The former chairperson and two former non-executive directors of USL were disqualified from holding office as directors or key officers of a publicly listed company, a company that has issued securities, or a company that is licensed or approved by the CMA for a period of two years. They were also asked to return the director allowances paid to them for the financial years 2014 and 2015. Finally, they were instructed that if ever a listed company saw it fit to appoint them to a board after they had atoned for their sins and sat in director purgatory for two years, they would be required to attend corporate governance training before being eligible for appointment.

The former chief executive officer and the former finance manager were also disqualified from holding office as a directors or key officers of companies that are regulated by the CMA. The regulator will also be filing a complaint at the Institute of Certified Public Accountants regarding the professional conduct of the two who are registered Certified Public Accountants.

In retrospect, what the named Uchumi directors and officers have gotten is a rap on the knuckles. They dodged a bullet provided by the current and newly operationalized Companies Act 2015 that allows a shareholder to bring a derivative action against a director for negligence, default, breach of duty or breach of trust. And the regulatory outcome would set enough of a precedence to warrant a shareholder to pursue this course of action in our highly litigious country. The new Companies Act 2015 has given a lot of teeth to stakeholders – including the company itself – to seek retribution for malfeasance or wrong doing on the part of the very parties supposed to maintain the best interests of the company. In light of the fact that a law cannot be applied retrospectively, and the fact that these breaches happened before 2015, the main worry for the named directors is how to mpesa those funds back to base and, for the officers, what color tie to wear to the disciplinary hearing at ICPAK.

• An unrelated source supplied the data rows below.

lemma positive_l1_operator_telescoping:
  fixes F :: "nat \<Rightarrow> ('a::banach_lattice \<Rightarrow>\<^sub>L real)"
  assumes dec: "\<And>n. dual_le (F (Suc n)) (F n)" and pos: "\<And>n. positive_functional (F n)"
  shows "positive_l1_operator (\<lambda>y k. F k y - F (Suc k) y)"
proof -
  define T where "T = (\<lambda>y k. F k y - F (Suc k) y)"
  have T_nonneg: "0 \<le> T v k" if "0 \<le> v" for v k
    using dec[of k] that unfolding T_def dual_le_def by simp
  have T_abs: "\<bar>T y k\<bar> \<le> T (lmod y) k" for y k
    using positive_functional_abs_le[of "F k - F (Suc k)" y] dec[of k]
    unfolding T_def dual_le_iff_positive_functional_diff by (simp add: blinfun.diff_left)
  have partial: "(\<Sum>k<N. T v k) \<le> F 0 v" if "0 \<le> v" for v N
    using pos[of N] that sum_lessThan_telescope'[of "\<lambda>k. F k v" N]
    unfolding T_def positive_functional_def by simp
  have summ_nonneg: "summable (T v)" if "0 \<le> v" for v
    using T_nonneg[OF that] partial[OF that] by (intro summableI_nonneg_bounded) auto
  have summ: "summable (\<lambda>k. \<bar>T y k\<bar>)" for y
    using T_abs by (intro summable_rabs_comparison_test[OF _ summ_nonneg[OF lmod_nonneg]]) auto
  have "l1norm (T y) \<le> norm (F 0) * norm y" for y
  proof -
    have "l1norm (T y) \<le> (\<Sum>k. T (lmod y) k)" unfolding l1norm_def
      using T_abs summ summ_nonneg[OF lmod_nonneg] by (intro suminf_le) auto
    also have "\<dots> \<le> F 0 (lmod y)"
      using summ_nonneg[OF lmod_nonneg] partial[OF lmod_nonneg] by (intro suminf_le_const) auto
    also have "\<dots> \<le> norm (F 0) * norm y" using norm_blinfun[of "F 0" "lmod y"] by simp
    finally show ?thesis .
  qed
  then have "\<exists>C. \<forall>y. l1norm (T y) \<le> C * norm y" by blast
  then have "l1_operator T" unfolding l1_operator_def
    using summ by (simp add: T_def blinfun.add_right blinfun.scaleR_right algebra_simps)
  then show ?thesis unfolding positive_l1_operator_def T_def[symmetric] using T_nonneg by blast
qed

lemma dual_decreasing_to_zero_selection:
  fixes D :: "('a::banach_lattice \<Rightarrow>\<^sub>L real) set"
  assumes D: "dual_decreasing_to_zero D" and e: "0 < e" and big: "\<And>f. f \<in> D \<Longrightarrow> e \<le> norm f"
  obtains F X where "\<And>n. F n \<in> D" "\<And>n. dual_le (F (Suc n)) (F n)"
    "\<And>n. 0 \<le> X n" "\<And>n. norm (X n) \<le> 1" "\<And>n. e / 2 < F n (X n)"
    "\<And>n. F n ((4::real) ^ n *\<^sub>R (\<Sum>k<n. X k)) < inverse (real (Suc n))"
proof -
  have "\<exists>x. 0 \<le> x \<and> norm x \<le> 1 \<and> e / 2 < f x" if "f \<in> D" for f
    using positive_functional_norm_approx[of f "e / 2"] D big[OF that] e that
    unfolding dual_decreasing_to_zero_def dual_le_0_iff by force
  then obtain xs :: "('a \<Rightarrow>\<^sub>L real) \<Rightarrow> 'a" where xs:
    "\<And>f. f \<in> D \<Longrightarrow> 0 \<le> xs f \<and> norm (xs f) \<le> 1 \<and> e / 2 < f (xs f)"
    by metis
  define P where "P = (\<lambda>n (f, S). f \<in> D \<and> 0 \<le> S \<and> (n = 0 \<longrightarrow> S = 0) \<and>
    f ((4::real) ^ n *\<^sub>R S) < inverse (real (Suc n)))"
  define Q where "Q = (\<lambda>(n::nat) (f, S) (f', S'). dual_le f' f \<and> S' = S + xs f)"
  have "\<exists>st'. P (Suc n) st' \<and> Q n st st'" if "P n st" for n st
  proof -
    obtain f S where st: "st = (f, S)" "f \<in> D" "0 \<le> S" using \<open>P n st\<close> unfolding P_def by auto
    have w: "0 \<le> (4::real) ^ Suc n *\<^sub>R (S + xs f)" using st xs by (simp add: scaleR_nonneg_nonneg)
    have \<eta>: "0 < inverse (real (Suc (Suc n)))" by simp
    obtain g where "g \<in> D" "dual_le g f"
      "g ((4::real) ^ Suc n *\<^sub>R (S + xs f)) < inverse (real (Suc (Suc n)))"
      using dual_decreasing_to_zero_below[OF D st(2) w \<eta>] by blast
    then show ?thesis using st xs unfolding P_def Q_def by (intro exI[of _ "(g, S + xs f)"]) auto
  qed
  moreover obtain f0 where "f0 \<in> D" using D unfolding dual_decreasing_to_zero_def by blast
  then have "P 0 (f0, 0)" unfolding P_def by simp
  ultimately obtain st where st: "\<And>n. P n (st n) \<and> Q n (st n) (st (Suc n))"
    using dependent_nat_choice[of P Q] by blast
  define F where "F n = fst (st n)" for n
  have "snd (st n) = (\<Sum>k<n. xs (F k))" for n
    using st unfolding P_def Q_def F_def by (induction n) (auto simp: split_beta)
  then show ?thesis
    using st xs unfolding P_def Q_def F_def
      by (intro that[of F "\<lambda>n. xs (F n)"]) (auto simp: split_beta F_def)
qed
definition valid_uav ::
  "(nat \<Rightarrow> real) \<Rightarrow> real \<Rightarrow> real \<Rightarrow> nat \<Rightarrow> uav_plan \<Rightarrow> bool" where
  "valid_uav g f c N P \<longleftrightarrow>
     (let at0 = fst P; s = snd P in
       (\<forall>k. s (Suc k) \<noteq> None \<longrightarrow> s k \<noteq> None) \<and>
       (at0 \<longrightarrow> s 0 \<noteq> None) \<and>
       (\<forall>k i a l. s k = Some (i, a, l) \<longrightarrow>
          i < N \<and> a \<le> l \<and>
          (if k = 0 \<and> at0 then a = 0 \<and> l + g i \<le> f
           else 0 \<le> a - g i \<and> (l + g i) - (a - g i) \<le> f)) \<and>
       (\<forall>k i a l i' a' l'. s k = Some (i, a, l) \<longrightarrow> s (Suc k) = Some (i', a', l') \<longrightarrow>
          l + g i + c \<le> a' - g i'))"

definition present :: "uav_plan \<Rightarrow> nat \<Rightarrow> real \<Rightarrow> bool" where
  "present P i t \<longleftrightarrow> (\<exists>k a l. snd P k = Some (i, a, l) \<and> a \<le> t \<and> t \<le> l)"

definition feasible ::
  "(nat \<Rightarrow> real) \<Rightarrow> real \<Rightarrow> real \<Rightarrow> nat \<Rightarrow> nat \<Rightarrow> (nat \<Rightarrow> uav_plan) \<Rightarrow> bool" where
  "feasible g f c N M U \<longleftrightarrow>
     (\<forall>u<M. valid_uav g f c N (U u)) \<and>
     (\<forall>i<N. \<forall>t\<ge>0. \<exists>u<M. present (U u) i t)"

definition M_hom :: "real \<Rightarrow> real \<Rightarrow> nat \<Rightarrow> real \<Rightarrow> nat" where
  "M_hom f c N gbar = N + nat \<lceil>(c + 2 * gbar) / (f - 2 * gbar) * real N\<rceil>"

end

theory Submission
  imports Defs "HOL-Analysis.Analysis"
begin

text \<open>
  A UAV spending time \<open>x\<close> at location \<open>i\<close> in a sortie occupies \<open>x + 2 g\<^sub>i + c\<close> time units of its
  own schedule, and \<open>x \<le> f - 2 g\<^sub>i\<close>; hence \<open>(1 + \<rho>\<^sub>i) x\<close> is at most that occupied time, where
  \<open>\<rho>\<^sub>i = (c + 2 g\<^sub>i) / (f - 2 g\<^sub>i)\<close>. Up to a horizon \<open>T\<close> each UAV therefore delivers weighted
  presence at most \<open>T + O(1)\<close>, while covering location \<open>i\<close> throughout \<open>[0, T]\<close> requires weighted
  presence at least \<open>(1 + \<rho>\<^sub>i) T\<close>. Letting \<open>T \<rightarrow> \<infinity>\<close> gives \<open>M \<ge> N + \<Sum>\<^sub>i \<rho>\<^sub>i\<close>, and
  \<open>\<Sum>\<^sub>i \<rho>\<^sub>i \<ge> N \<rho>(g\<^sub>m\<^sub>e\<^sub>a\<^sub>n)\<close> because \<open>x \<mapsto> (c + 2x) / (f - 2x)\<close> is convex.
\<close>

lemma interval_cover_length_le:
  fixes T :: real and \<alpha> \<beta> :: "'a \<Rightarrow> real"
  assumes fin: "finite F" and T: "T \<ge> 0" and ab: "\<forall>s\<in>F. \<alpha> s \<le> \<beta> s"
    and cov: "{0..T} \<subseteq> (\<Union>s\<in>F. {\<alpha> s..\<beta> s})"
  shows "T \<le> (\<Sum>s\<in>F. \<beta> s - \<alpha> s)"
proof -
  have "ennreal T = emeasure lborel {0..T}" using T by simp
  also have "\<dots> \<le> emeasure lborel (\<Union>s\<in>F. {\<alpha> s..\<beta> s})"
    by (rule emeasure_mono) (use cov fin in auto)
  also have "\<dots> \<le> (\<Sum>s\<in>F. emeasure lborel {\<alpha> s..\<beta> s})"
    by (rule emeasure_subadditive_finite) (use fin in auto)
  also have "\<dots> = (\<Sum>s\<in>F. ennreal (\<beta> s - \<alpha> s))" using ab by (intro sum.cong) auto
  also have "\<dots> = ennreal (\<Sum>s\<in>F. \<beta> s - \<alpha> s)" by (rule sum_ennreal) (use ab in auto)
  finally show ?thesis
    by (simp add: ennreal_le_iff sum_nonneg ab)
qed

The CMA itself issued a new corporate governance code in 2015 (CMA Code), and relied on its fairly modern tenets, that codified director fiduciary duties, in its conclusions about the creative accounting undertaken by the officers of Uchumi and overseen by the non executive directors. Quoting the CMA press release on the Uchumi decision: “The inquiry further established that in some instances the USL branch expansion program was undertaken without due regard to the Board’s fiduciary duty of care due to the absence of a proper risk management framework being in place. It was also established that in some instances, USL pre-financed landlords in addition to making payment of respective commitment fees, but nevertheless the branches were never opened or funds recovered.”

Under Chapter 6 of the CMA Code titled Accountability, Risk Management and Internal Control, boards of directors are required to put in place adequate structures to enable the generation of true and fair financial statements. The Code explains that the rigours of risk management by the board should seek to provide interventions that optimize the balance between risk and reward in the company. In layman’s language: Figure out what could possibly go wrong in the company whose board you sit on and ensure you put in place processes that recognize that risk and, where possible, mitigations for such an eventuality. Furthermore all times ensure the financial statements reflect- rather than conceal – those risks. In the Uchumi case, paying developers of buildings where you intended to open new branches in advance and not putting into place protection measures in case your advance funds were mis-directed to personal Christmas slush funds, was a big mistake. Those pre-payments that were not being recovered should have been provided for or written off entirely.

In light of all the recent corporate scandals, and our seeming inefficiency in prosecuting white-collar thugs dressed in oversized Bangkok knock off suits, the CMA enforcement action is a breath of fresh air. While the directors have all gotten off fairly lightly with a mild disgorgement, it is the social pariah status that will be the most effective deterrent for board directors in this market. I’m not sure that there is a self respecting board in this town, whether in the public or private sector that wants a “director formerly known as the Uchumi guy” serving on its board anytime soon.